The last few years have been a never-ending cycle of large death tolls and life-changing uncertainty. Evolved virus variants fill our lives around every corner. Not to mention one of the most complex parts about living through a pandemic, all the unknowns. It feels like we can’t wrap our minds around one problem before another fills the news channels.
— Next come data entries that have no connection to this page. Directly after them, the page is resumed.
lemma Im_Xi_numer_neg:
  assumes "0 < \<xi>" "\<xi> < 2 * pi"
  shows "Im (Xi_numer \<xi>) < 0"
proof -
  have "cos \<xi> \<noteq> 1"
  proof
    assume "cos \<xi> = 1"
    then obtain n :: int where "\<xi> = n * 2 * pi" by (auto simp: cos_one_2pi_int)
    with assms have "0 < real_of_int n" "real_of_int n < 1"
      by (auto simp: zero_less_mult_iff mult_less_cancel_right mult_ac)
    thus False by simp
  qed
  hence "cos \<xi> < 1"
    using cos_le_one[of \<xi>] by linarith
  thus ?thesis by (simp add: Xi_numer_eq_Complex)
qed

lemma Xi_shift_2pi_int:
  assumes "\<xi> + 2 * pi * of_int k \<noteq> 0"
  shows "Xi (\<xi> + 2 * pi * of_int k) = of_real (inverse (\<xi> + 2 * pi * of_int k)) * Xi_numer \<xi>"
proof -
  define r where "r = \<xi> + 2 * pi * of_int k"
  have "exp (- \<i> * of_real r) = exp (- \<i> * of_real \<xi>) * exp (- \<i> * of_real (2 * pi * of_int k))"
    by (simp add: r_def exp_add[symmetric] algebra_simps)
  hence "exp (- \<i> * of_real r) = exp (- \<i> * of_real \<xi>)"
    by (simp only: exp_minus_i_2pi_int mult_1_right)
  moreover have r: "r \<noteq> 0"
    using assms by (simp add: r_def)
  ultimately have "Xi r = (1 - exp (- \<i> * of_real \<xi>)) / (\<i> * of_real r)"
    by (simp add: Xi_def)
  also have "\<dots> = of_real (inverse r) * Xi_numer \<xi>"
    using r by (simp add: Xi_numer_def field_simps)
  finally show ?thesis by (simp only: r_def)
qed

lemma isCont_Xi: "isCont Xi x"
proof (cases "x = 0")
  case True
  have "((\<lambda>y::real. (exp (- \<i> * of_real y) - 1) / (- \<i> * of_real y)) \<longlongrightarrow> 1) (at 0)"
    by (rule filterlim_compose[OF lim_exp_minus_1 filterlim_atI])
       (auto intro!: tendsto_eq_intros simp: eventually_at_filter)
  moreover have "\<forall>\<^sub>F y in at (0::real). (exp (- \<i> * of_real y) - 1) / (- \<i> * of_real y) = Xi y"
    by (auto simp: eventually_at_filter Xi_def divide_simps algebra_simps)
  ultimately show ?thesis
    using True tendsto_cong by (fastforce simp: isCont_def)
next
  case False
  have "isCont (\<lambda>y. (1 - exp (- \<i> * of_real y)) / (\<i> * of_real y)) x"
    using False by (intro continuous_intros) auto
  moreover have "\<forall>\<^sub>F y in nhds x. (1 - exp (- \<i> * of_real y)) / (\<i> * of_real y) = Xi y"
    using t1_space_nhds[OF False] by (rule eventually_mono) (simp add: Xi_def)
  ultimately show ?thesis
    by (simp add: isCont_cong)
qed

lemma infsum_diff:
  fixes f g :: "'a \<Rightarrow> 'b :: {topological_ab_group_add, t2_space}"
  assumes "f summable_on A" "g summable_on A"
  shows "(\<Sum>\<^sub>\<infinity>x\<in>A. f x - g x) = infsum f A - infsum g A"
  using infsum_add[OF assms(1) summable_on_uminus[THEN iffD2, OF assms(2)]] by (simp add: infsum_uminus)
Just as we feel that there may be some return to “normal,” a new strain throws us back into turmoil. And there is no clear end to this pandemic insight. As of March 2022, China is still shutting down entire provinces and putting all its residents into forced home quarantines to contain new outbreaks.
So, where do pandemics originate? And are we willing to learn from this pandemic and change how we do things to prevent another Covid-19 like outbreak from happening again soon?
THE ORIGINS OF PANDEMICS
Around three-fourths of emerging infectious diseases in human populations are zoonoses. Zoonotic diseases leap to humans from other species. The more contact humans and domestic animals have with potentially infected wildlife, the greater the possibility of a new zoonotic virus emerging becomes. Hunters and slaughterhouse workers repeatedly come into close contact with tissue and fluids from animals likely to be sick or infected.
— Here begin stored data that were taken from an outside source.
(* Let $\mathcal{N}=\{1,\dots,N\}$ be a finite set of players and let $v:2^{\mathcal{N}}\to\mathbb{R}$ be any real-valued set function (the coalition value, with $v(\emptyset)=0$). For a coalition $\mathcal{S}\subseteq\mathcal{N}$ and a player $i\in\mathcal{S}$, let the payoff $x_i(\mathcal{S})$ be the Shapley value of $i$ in the game $v$ restricted to $\mathcal{S}$: $$x_i(\mathcal{S})=\sum_{\mathcal{T}\subseteq \mathcal{S}\setminus\{i\}}\frac{|\mathcal{T}|!\,(|\mathcal{S}|-|\mathcal{T}|-1)!}{|\mathcal{S}|!}\bigl(v(\mathcal{T}\cup\{i\})-v(\mathcal{T})\bigr).$$ Consider the hedonic shift process with histories defined in the context below, started from an arbitrary initial partition $\Pi_0$ of $\mathcal{N}$ with all histories empty. Then every sequence of moves of this process is finite; i.e., the process always reaches, after finitely many moves, a final partition $\Pi_f$ at which no player has an admissible move.
   Context: A coalition partition of $\mathcal{N}$ is a set $\Pi=\{\mathcal{S}_1,\dots,\mathcal{S}_l\}$ of nonempty pairwise disjoint subsets of $\mathcal{N}$ whose union is $\mathcal{N}$; $\mathcal{S}_\Pi(i)$ denotes the member of $\Pi$ containing $i$. Hedonic shift process with histories: the state is a pair $(\Pi,(h(i))_{i\in\mathcal{N}})$ where $\Pi$ is a coalition partition and each history $h(i)$ is a set of subsets of $\mathcal{N}\setminus\{i\}$; initially every $h(i)=\emptyset$. A move is performed by a single player $i$ as follows. Let $\mathcal{S}_{\mathrm{cur}}=\mathcal{S}_\Pi(i)$. The eligible targets are the sets $\mathcal{T}\in(\Pi\setminus\{\mathcal{S}_{\mathrm{cur}}\})\cup\{\emptyset\}$ with $\mathcal{T}\notin h(i)$. Player $i$ has an admissible move if some eligible $\mathcal{T}$ satisfies $x_i(\mathcal{T}\cup\{i\})>x_i(\mathcal{S}_{\mathrm{cur}})$; in that case $i$ chooses an eligible $\mathcal{T}$ maximizing $x_i(\mathcal{T}\cup\{i\})$ (ties broken arbitrarily), the partition becomes $(\Pi\setminus\{\mathcal{S}_{\mathrm{cur}},\mathcal{T}\})\cup\{\mathcal{S}_{\mathrm{cur}}\setminus\{i\},\mathcal{T}\cup\{i\}\}$ (with the empty set discarded if $\mathcal{S}_{\mathrm{cur}}\setminus\{i\}=\emptyset$), and $h(i)$ is replaced by $h(i)\cup\{\mathcal{S}_{\mathrm{cur}}\setminus\{i\}\}$; all other histories are unchanged. Moves may be performed by players in any order (asynchronously), one at a time. *)

theory Defs
  imports Complex_Main "HOL-Library.Disjoint_Sets"
begin
definition ideal_Luzin :: "real set set \<Rightarrow> real set \<Rightarrow> bool" where
  "ideal_Luzin J L \<longleftrightarrow> L \<approx> (UNIV :: real set) \<and> (\<forall>A\<in>J. countable (L \<inter> A))"

definition strong_ideal_Luzin :: "real set set \<Rightarrow> real set \<Rightarrow> bool" where
  "strong_ideal_Luzin J L \<longleftrightarrow> ideal_Luzin J L \<and>
     (\<forall>B. B \<in> sets borel \<longrightarrow> B \<notin> J \<longrightarrow> uncountable (L \<inter> B))"

definition Q_linearly_independent :: "real set \<Rightarrow> bool" where
  "Q_linearly_independent L \<longleftrightarrow>
     (\<forall>F c. finite F \<longrightarrow> F \<subseteq> L \<longrightarrow> (\<forall>x\<in>F. c x \<in> \<rat>) \<longrightarrow>
        (\<Sum>x\<in>F. c x * x) = 0 \<longrightarrow> (\<forall>x\<in>F. c x = 0))"

end

theory Submission
  imports Defs
begin

text \<open>
  Replacing a Luzin set \<open>L\<close> by \<open>\<rat> + L\<close> keeps it Luzin, and makes it meet every non-null Borel
  set \<open>B\<close> in continuum many points: the complement of \<open>\<rat> + B\<close> is null, since a non-null Borel
  \<open>C\<close> disjoint from \<open>\<rat> + B\<close> would make \<open>C - B\<close> an open set missing \<open>\<rat>\<close>.
  There are at most continuum many Borel sets, so the non-null ones can be listed along the
  continuum, each of them occurring continuum many times. A transfinite recursion along this list
  picks a point of \<open>\<rat> + L\<close> in the current set outside the \<open>\<rat>\<close>-span of the earlier points; that
  span has size less than continuum, so the choice is always possible.
\<close>

unbundle cardinal_syntax
text \<open>
  The side conditions of the Box-rules are
  a fixed relation sc (for S_Theta: derivability at the appropriate level), so they can be
  read as an oracle: Box p is true under a classical valuation v iff some finite list of
  causal rules phi_i |> psi_i with sc-derivable psi_1, ..., psi_k |- p has all phi_i true
  under v.  Validity of sequents is defined with respect to this semantics.

  (1) Soundness: every rule of the calculus, multicut included, preserves validity.
  (2) Completeness of the calculus WITHOUT multicut: by well-founded induction on (number of
      Boxes, number of symbols), valid sequents are decomposed by the invertible
      propositional rules and the left Box-rule; what remains is a classical antecedent
      against atoms and boxes, handled by propositional compactness (proved here via a
      Lindenbaum extension) and finitely many right Box-rules.
  Both directions need only that side conditions depend on the set, not the multiset, of
  antecedent formulas, which holds for every level of S_Theta by contraction and weakening.
  The main theorem chains (1) and (2).
\<close>

section \<open>Classical valuations and compactness\<close>

text \<open>Classical truth of formulas under a valuation of the atoms; Box formulas, which
  do not occur in classical formulas, are simply false.\<close>
fun cval :: "('a \<Rightarrow> bool) \<Rightarrow> 'a fm \<Rightarrow> bool" where
  "cval v (Atom a) = v a"
| "cval v (Neg p) = (\<not> cval v p)"
| "cval v (Conj p q) = (cval v p \<and> cval v q)"
| "cval v (Disj p q) = (cval v p \<or> cval v q)"
| "cval v (Imp p q) = (cval v p \<longrightarrow> cval v q)"
| "cval v Top = True"
| "cval v Bot = False"
| "cval v (Box p) = False"

definition fsat :: "'a fm set \<Rightarrow> bool" where
  "fsat X \<longleftrightarrow> (\<forall>F. finite F \<longrightarrow> F \<subseteq> X \<longrightarrow> (\<exists>v. \<forall>f\<in>F. cval v f))"

text \<open>Finite satisfiability has finite character, so it is preserved by unions of
  nonempty chains; this is what Zorn's lemma needs.\<close>
lemma fsat_Union_chain:
  assumes "C \<noteq> {}" "subset.chain A C" "\<forall>Y\<in>C. fsat Y"
  shows "fsat (\<Union>C)"
  unfolding fsat_def
proof (intro allI impI)
  fix F assume "finite F" "F \<subseteq> \<Union>C"
  then obtain B where "B \<in> C" "F \<subseteq> B"
    using finite_subset_Union_chain assms(1,2) by metis
  then show "\<exists>v. \<forall>f\<in>F. cval v f" using \<open>finite F\<close> assms(3) unfolding fsat_def by blast
qed

lemma fsat_maximal_extension:
  assumes "fsat X"
  obtains M where "X \<subseteq> M" "fsat M" "\<And>\<psi>. fsat (insert \<psi> M) \<Longrightarrow> \<psi> \<in> M"
proof -
  let ?A = "{Y. X \<subseteq> Y \<and> fsat Y}"
  have "\<Union>C \<in> ?A" if "C \<noteq> {}" "subset.chain ?A C" for C
    using that fsat_Union_chain[OF that] unfolding subset.chain_def by blast
  moreover have "?A \<noteq> {}" using assms by blast
  ultimately obtain M where M: "M \<in> ?A" "\<forall>Y\<in>?A. M \<subseteq> Y \<longrightarrow> Y = M"
    using subset_Zorn_nonempty[of ?A] by blast
  have "\<psi> \<in> M" if "fsat (insert \<psi> M)" for \<psi>
  proof -
    have "insert \<psi> M \<in> ?A" using M(1) that by blast
    then show ?thesis using M(2) by blast
  qed
  with M(1) show ?thesis using that by blast
qed

context
  fixes M :: "'a fm set"
  assumes fsat: "fsat M"
    and maximal: "\<And>\<psi>. fsat (insert \<psi> M) \<Longrightarrow> \<psi> \<in> M"
begin

lemma maximal_consistent: "finite F \<Longrightarrow> F \<subseteq> M \<Longrightarrow> \<exists>v. \<forall>f\<in>F. cval v f"
  using fsat unfolding fsat_def by blast

lemma maximal_closed:
  assumes "finite F" "F \<subseteq> M" "\<And>v. \<forall>f\<in>F. cval v f \<Longrightarrow> cval v \<psi>"
  shows "\<psi> \<in> M"
proof (rule maximal)
  show "fsat (insert \<psi> M)"
    unfolding fsat_def
  proof (intro allI impI)
    fix G assume G: "finite G" "G \<subseteq> insert \<psi> M"
    obtain v where "\<forall>f\<in>(G - {\<psi>}) \<union> F. cval v f"
      using maximal_consistent[of "(G - {\<psi>}) \<union> F"] G assms(1,2) by blast
    then show "\<exists>v. \<forall>f\<in>G. cval v f" using assms(3) by blast
  qed
qed

lemma maximal_Neg: "Neg \<psi> \<in> M \<longleftrightarrow> \<psi> \<notin> M"
proof
  assume "Neg \<psi> \<in> M"
  then show "\<psi> \<notin> M" using maximal_consistent[of "{\<psi>, Neg \<psi>}"] by auto
next
  assume "\<psi> \<notin> M"
  then have "\<not> fsat (insert \<psi> M)" using maximal by blast
  then obtain F where F: "finite F" "F \<subseteq> insert \<psi> M" "\<not> (\<exists>v. \<forall>f\<in>F. cval v f)"
    unfolding fsat_def by blast
  have "\<And>v. \<forall>f\<in>F - {\<psi>}. cval v f \<Longrightarrow> cval v (Neg \<psi>)"
    using F(3) by auto
  then show "Neg \<psi> \<in> M" using maximal_closed[of "F - {\<psi>}"] F(1,2) by blast
qed

lemma maximal_truth: "\<phi> \<in> M \<longleftrightarrow> cval (\<lambda>a. Atom a \<in> M) \<phi>"
proof (induction \<phi>)
  case (Neg p)
  then show ?case using maximal_Neg by simp
next
  case (Conj p q)
  have "Conj p q \<in> M \<longleftrightarrow> p \<in> M \<and> q \<in> M"
  proof
    assume "Conj p q \<in> M"
    then show "p \<in> M \<and> q \<in> M"
      using maximal_closed[of "{Conj p q}" p] maximal_closed[of "{Conj p q}" q] by auto
  next
    assume "p \<in> M \<and> q \<in> M"
    then show "Conj p q \<in> M" by (intro maximal_closed[of "{p, q}"]) auto
  qed
  then show ?case using Conj by simp
next
  case (Disj p q)
  have "Disj p q \<in> M \<longleftrightarrow> p \<in> M \<or> q \<in> M"
  proof
    assume "Disj p q \<in> M"
    show "p \<in> M \<or> q \<in> M"
    proof (rule ccontr)
      assume "\<not> (p \<in> M \<or> q \<in> M)"
      then have "{Disj p q, Neg p, Neg q} \<subseteq> M" using \<open>Disj p q \<in> M\<close> maximal_Neg by auto
      then show False using maximal_consistent[of "{Disj p q, Neg p, Neg q}"] by auto
    qed
  next
    assume "p \<in> M \<or> q \<in> M"
    then show "Disj p q \<in> M"
      using maximal_closed[of "{p}" "Disj p q"] maximal_closed[of "{q}" "Disj p q"] by auto
  qed
  then show ?case using Disj by simp
next
  case (Imp p q)
  have "Imp p q \<in> M \<longleftrightarrow> (p \<in> M \<longrightarrow> q \<in> M)"
  proof
    assume "Imp p q \<in> M"
    then show "p \<in> M \<longrightarrow> q \<in> M" using maximal_closed[of "{Imp p q, p}" q] by auto
  next
    assume "p \<in> M \<longrightarrow> q \<in> M"
    then show "Imp p q \<in> M"
      using maximal_closed[of "{q}" "Imp p q"] maximal_closed[of "{Neg p}" "Imp p q"] maximal_Neg[of p]
      by auto
  qed
  then show ?case using Imp by simp
next
  case Top
  then show ?case using maximal_closed[of "{}" Top] by simp
next
  case Bot
  then show ?case using maximal_consistent[of "{Bot}"] by auto
next
  case (Box p)
  then show ?case using maximal_consistent[of "{Box p}"] by auto
qed simp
“There are many other examples of serious human pandemics which was spread from animals to humans. Another good example is the Ebola virus, which has been traced to people eating bats in Africa. Yet another example is HIV, which is believed to have spread to a man as a result of the consumption of chimpanzee meat. The most serious has been the 1918 Spanish flu, which started off in pigs and spread to man. All of these have to do with the mistreatment of animals by man,” stated Professor Robert Bragg, a researcher in the UFS Department of Microbial, Biochemical, and Food Biotechnology
NEW EVIDENCE POINTS TO WUHAN MARKET
The Huanan Seafood Wholesale Market in Wuhan, China, has long been considered the most likely point of origin for the current Covid-19 pandemic. Two recent research studies offer strong evidence that the virus jumped from a caged wild animal to a human host.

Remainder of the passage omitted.